This legacy version of AI Platform Prediction is deprecated and will no longer be available on Google Cloud after January 31, 2025. All models, associated metadata, and deployments will be deleted after January 31, 2025. Migrate your resources to Vertex AI to get new machine learning features that are unavailable in AI Platform.

Custom prediction routines

Custom prediction routines allow you to determine what code runs when you send an online prediction request to AI Platform Prediction.

When you deploy a version resource to AI Platform Prediction without using a custom prediction routine, it handles prediction requests by performing the prediction operation of the machine learning framework you used for training.

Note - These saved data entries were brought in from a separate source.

lemma submodule_chain_of_mono:
  assumes "\<forall>i\<le>n. submodule (N i) R M" "\<forall>i<n. N i \<subseteq> N (Suc i)"
  defines "k \<equiv> card {i. i < n \<and> N i \<noteq> N (Suc i)}"
  shows "\<exists>P. submodule_chain R M k P \<and> P k = N n"
  using assms(1,2) unfolding k_def
proof (induction n)
  case 0
  then show ?case unfolding submodule_chain_def by (intro exI[of _ N]) auto
next
  case (Suc n)
  define k where "k = card {i. i < n \<and> N i \<noteq> N (Suc i)}"
  obtain P where P: "submodule_chain R M k P" "P k = N n"
    using Suc unfolding k_def by auto
  show ?case
  proof (cases "N n = N (Suc n)")
    case True
    then have "{i. i < Suc n \<and> N i \<noteq> N (Suc i)} = {i. i < n \<and> N i \<noteq> N (Suc i)}"
      using less_Suc_eq by auto
    then show ?thesis using P True unfolding k_def by auto
  next
    case False
    then have "{i. i < Suc n \<and> N i \<noteq> N (Suc i)} = insert n {i. i < n \<and> N i \<noteq> N (Suc i)}"
      using less_Suc_eq by auto
    then have card: "card {i. i < Suc n \<and> N i \<noteq> N (Suc i)} = Suc k"
      unfolding k_def by simp
    have "submodule_chain R M (Suc k) (P(Suc k := N (Suc n)))"
      using P False Suc.prems unfolding submodule_chain_def by (auto simp: less_Suc_eq le_Suc_eq)
    then show ?thesis unfolding card by auto
  qed
qed

lemma card_strict_steps_le_module_length:
  assumes "\<forall>i\<le>n. submodule (N i) R M" "\<forall>i<n. N i \<subseteq> N (Suc i)"
  shows "enat (card {i. i < n \<and> N i \<noteq> N (Suc i)}) \<le> module_length R M"
  using submodule_chain_of_mono[OF assms] submodule_chain_le_module_length by blast

lemma short_exact_chain_concat:
  assumes "Module.module R A" "Module.module R B" "Module.module R C"
    and ses: "short_exact R A B C f g"
    and NA: "submodule_chain R A a NA" and NC: "submodule_chain R C c NC"
  shows "submodule_chain R B (a + c)
           (\<lambda>i. if i \<le> a then f ` NA i else {y \<in> carrier B. g y \<in> NC (i - a)})"
    (is "submodule_chain R B (a + c) ?N")
proof -
  interpret A: Module.module R A by fact
  interpret C: Module.module R C by fact
  have f: "module_hom R A B f" and g: "module_hom R B C g" and inj: "inj_on f (carrier A)"
    and surj: "g ` carrier B = carrier C" and exact: "f ` carrier A = {y \<in> carrier B. g y = \<zero>\<^bsub>C\<^esub>}"
    using ses unfolding short_exact_def by auto
  have subA: "\<And>i. i \<le> a \<Longrightarrow> submodule (NA i) R A"
    and strictA: "\<And>i. i < a \<Longrightarrow> NA i \<subset> NA (Suc i)"
    and subC: "\<And>i. i \<le> c \<Longrightarrow> submodule (NC i) R C"
    and strictC: "\<And>i. i < c \<Longrightarrow> NC i \<subset> NC (Suc i)"
    using NA NC unfolding submodule_chain_def by auto
  have vimage_strict: "{y \<in> carrier B. g y \<in> S} \<subset> {y \<in> carrier B. g y \<in> T}"
    if "S \<subset> T" "T \<subseteq> carrier C" for S T
  proof -
    obtain z where "z \<in> T" "z \<notin> S" using \<open>S \<subset> T\<close> by auto
    moreover from this obtain y where "y \<in> carrier B" "g y = z"
      using surj \<open>T \<subseteq> carrier C\<close> by (metis imageE subsetD)
    ultimately show ?thesis using \<open>S \<subset> T\<close> by auto
  qed
  have step: "?N i \<subset> ?N (Suc i)" if "i < a + c" for i
  proof (cases "i < a")
    case True
    have "inj_on f (NA (Suc i))"
      using inj A.submoduleE(1)[OF subA] True by (meson inj_on_subset Suc_leI)
    then show ?thesis using image_strict_mono[OF _ strictA[OF True]] True by simp
  next
    case False
    have "NC (Suc i - a - 1) \<subset> NC (Suc i - a)" "NC (Suc i - a) \<subseteq> carrier C"
      using strictC[of "i - a"] C.submoduleE(1)[OF subC, of "Suc i - a"] that False
      by (auto simp: Suc_diff_le)
    then have strict: "{y \<in> carrier B. g y \<in> NC (Suc i - a - 1)} \<subset> ?N (Suc i)"
      using vimage_strict False by auto
    show ?thesis
    proof (cases "i = a")
      case True
      have "?N i \<subseteq> {y \<in> carrier B. g y = \<zero>\<^bsub>C\<^esub>}"
        using True A.submoduleE(1)[OF subA] exact by auto
      also have "\<dots> \<subseteq> {y \<in> carrier B. g y \<in> NC (Suc i - a - 1)}"
        using True submodule_zero_closed[OF subC[of 0]] by auto
      finally show ?thesis using strict by blast
    next
      case False
      then show ?thesis using strict \<open>\<not> i < a\<close> by (auto simp: Suc_diff_le)
    qed
  qed
  moreover have "submodule (?N i) R B" if "i \<le> a + c" for i
    using submodule_image[OF assms(1,2) f subA] submodule_vimage[OF assms(2,3) g subC] that by auto
  ultimately show ?thesis unfolding submodule_chain_def by auto
qed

But when you deploy a custom prediction routine as your version resource, you can tell AI Platform Prediction to run custom Python code in response to every prediction request it receives. You can preprocess prediction input before your trained model performs prediction, or you can postprocess the model's prediction before sending the prediction result.

To create a custom prediction routine, you must provide two parts to AI Platform Prediction when you create your model version:

A model directory in Cloud Storage, which contains any artifacts that need to be used for prediction.
A .tar.gz Python source distribution package in Cloud Storage containing your implementation of the Predictor interface and any other custom code you want AI Platform Prediction to use at prediction time.

You can only deploy a custom prediction routine when you use a legacy (MLS1) machine type for your model version.

Upload model artifacts to your model directory

Follow the guide to deploying models to upload your trained model to Cloud Storage, along with any other files that provide data or statefulness for AI Platform Prediction to use during prediction.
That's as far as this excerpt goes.